WHAT TO DO
Which lines run from the one containing "v i b) (vsq" through the end of the entries? Restate them word for word, and only those.

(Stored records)
────────
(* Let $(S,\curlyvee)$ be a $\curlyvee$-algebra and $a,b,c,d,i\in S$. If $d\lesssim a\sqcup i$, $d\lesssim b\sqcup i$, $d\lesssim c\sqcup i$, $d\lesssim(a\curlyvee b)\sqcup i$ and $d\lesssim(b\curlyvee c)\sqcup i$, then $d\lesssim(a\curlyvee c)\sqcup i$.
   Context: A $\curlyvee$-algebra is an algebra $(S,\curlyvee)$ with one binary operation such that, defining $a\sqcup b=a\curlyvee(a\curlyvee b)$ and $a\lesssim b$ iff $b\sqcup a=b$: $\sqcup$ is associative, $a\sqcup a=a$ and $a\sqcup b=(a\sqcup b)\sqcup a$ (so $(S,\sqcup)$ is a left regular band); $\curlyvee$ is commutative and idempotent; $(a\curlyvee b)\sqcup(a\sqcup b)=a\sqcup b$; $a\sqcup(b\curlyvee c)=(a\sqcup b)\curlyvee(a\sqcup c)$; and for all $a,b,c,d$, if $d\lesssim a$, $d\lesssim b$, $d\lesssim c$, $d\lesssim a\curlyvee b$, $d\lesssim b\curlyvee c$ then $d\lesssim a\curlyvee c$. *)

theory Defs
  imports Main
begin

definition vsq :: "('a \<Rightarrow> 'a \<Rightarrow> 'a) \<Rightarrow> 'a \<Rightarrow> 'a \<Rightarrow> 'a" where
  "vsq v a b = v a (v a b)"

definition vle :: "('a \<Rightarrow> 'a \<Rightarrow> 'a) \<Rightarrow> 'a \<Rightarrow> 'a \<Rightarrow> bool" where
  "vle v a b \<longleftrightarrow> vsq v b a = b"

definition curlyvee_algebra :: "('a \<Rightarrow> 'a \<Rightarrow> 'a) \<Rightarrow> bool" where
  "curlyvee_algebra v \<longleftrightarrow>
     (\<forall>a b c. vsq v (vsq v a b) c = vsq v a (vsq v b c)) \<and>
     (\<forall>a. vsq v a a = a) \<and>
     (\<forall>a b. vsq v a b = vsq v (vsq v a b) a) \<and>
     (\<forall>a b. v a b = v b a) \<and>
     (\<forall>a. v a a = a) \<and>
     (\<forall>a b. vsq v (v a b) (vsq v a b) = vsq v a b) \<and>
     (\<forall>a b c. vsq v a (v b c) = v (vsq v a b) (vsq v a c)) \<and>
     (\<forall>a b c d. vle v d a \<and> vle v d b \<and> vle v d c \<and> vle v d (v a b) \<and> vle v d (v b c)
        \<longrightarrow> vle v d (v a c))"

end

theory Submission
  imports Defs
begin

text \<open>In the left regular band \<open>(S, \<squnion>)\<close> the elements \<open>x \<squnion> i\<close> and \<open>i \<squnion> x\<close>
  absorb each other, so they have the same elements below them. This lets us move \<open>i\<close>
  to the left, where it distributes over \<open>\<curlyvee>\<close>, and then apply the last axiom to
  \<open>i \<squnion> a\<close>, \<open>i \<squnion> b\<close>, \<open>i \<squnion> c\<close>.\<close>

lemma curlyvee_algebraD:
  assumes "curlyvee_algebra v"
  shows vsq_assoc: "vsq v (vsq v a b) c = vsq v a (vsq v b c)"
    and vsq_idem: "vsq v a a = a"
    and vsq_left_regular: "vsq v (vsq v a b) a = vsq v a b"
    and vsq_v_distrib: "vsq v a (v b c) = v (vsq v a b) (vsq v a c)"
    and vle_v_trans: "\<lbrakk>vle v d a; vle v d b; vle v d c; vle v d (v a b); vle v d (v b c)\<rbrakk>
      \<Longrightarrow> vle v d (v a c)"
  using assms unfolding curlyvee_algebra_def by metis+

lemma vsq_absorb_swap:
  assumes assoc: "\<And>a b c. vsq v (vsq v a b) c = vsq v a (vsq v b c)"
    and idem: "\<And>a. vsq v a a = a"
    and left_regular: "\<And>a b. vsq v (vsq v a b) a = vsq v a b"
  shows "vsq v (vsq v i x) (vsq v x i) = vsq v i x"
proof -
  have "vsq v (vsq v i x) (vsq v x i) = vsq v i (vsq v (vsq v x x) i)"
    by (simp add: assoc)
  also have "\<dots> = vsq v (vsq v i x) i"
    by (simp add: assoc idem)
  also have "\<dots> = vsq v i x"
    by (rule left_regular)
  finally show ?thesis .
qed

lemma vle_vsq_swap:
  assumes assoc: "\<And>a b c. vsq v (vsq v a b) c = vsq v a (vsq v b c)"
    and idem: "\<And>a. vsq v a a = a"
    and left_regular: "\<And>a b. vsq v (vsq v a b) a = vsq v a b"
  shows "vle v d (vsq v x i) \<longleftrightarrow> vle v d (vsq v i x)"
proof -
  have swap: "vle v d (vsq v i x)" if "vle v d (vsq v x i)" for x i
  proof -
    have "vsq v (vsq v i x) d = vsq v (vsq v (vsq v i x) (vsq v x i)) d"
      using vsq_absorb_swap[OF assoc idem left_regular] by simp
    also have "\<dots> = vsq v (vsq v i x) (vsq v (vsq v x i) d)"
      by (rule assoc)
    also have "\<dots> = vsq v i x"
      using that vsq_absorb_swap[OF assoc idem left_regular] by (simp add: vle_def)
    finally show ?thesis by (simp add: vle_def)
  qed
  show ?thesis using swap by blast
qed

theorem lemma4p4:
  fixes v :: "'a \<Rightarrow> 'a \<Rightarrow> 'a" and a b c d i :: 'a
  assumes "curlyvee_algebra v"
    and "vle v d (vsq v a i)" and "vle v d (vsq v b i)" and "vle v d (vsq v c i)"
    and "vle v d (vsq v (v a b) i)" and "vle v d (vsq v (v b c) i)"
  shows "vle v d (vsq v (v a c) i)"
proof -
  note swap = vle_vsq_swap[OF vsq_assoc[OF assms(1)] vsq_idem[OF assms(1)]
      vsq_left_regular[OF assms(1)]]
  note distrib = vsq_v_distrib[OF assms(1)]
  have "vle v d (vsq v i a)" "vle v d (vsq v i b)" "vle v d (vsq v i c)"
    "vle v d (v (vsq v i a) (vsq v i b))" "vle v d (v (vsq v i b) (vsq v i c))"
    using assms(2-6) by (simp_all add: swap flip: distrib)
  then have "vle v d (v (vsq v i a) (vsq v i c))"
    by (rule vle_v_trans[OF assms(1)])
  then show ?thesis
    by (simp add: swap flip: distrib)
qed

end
────────
WRITTEN ANSWER
    "vle v d (v (vsq v i a) (vsq v i b))" "vle v d (v (vsq v i b) (vsq v i c))"
    using assms(2-6) by (simp_all add: swap flip: distrib)
  then have "vle v d (v (vsq v i a) (vsq v i c))"
    by (rule vle_v_trans[OF assms(1)])
  then show ?thesis
    by (simp add: swap flip: distrib)
qed

end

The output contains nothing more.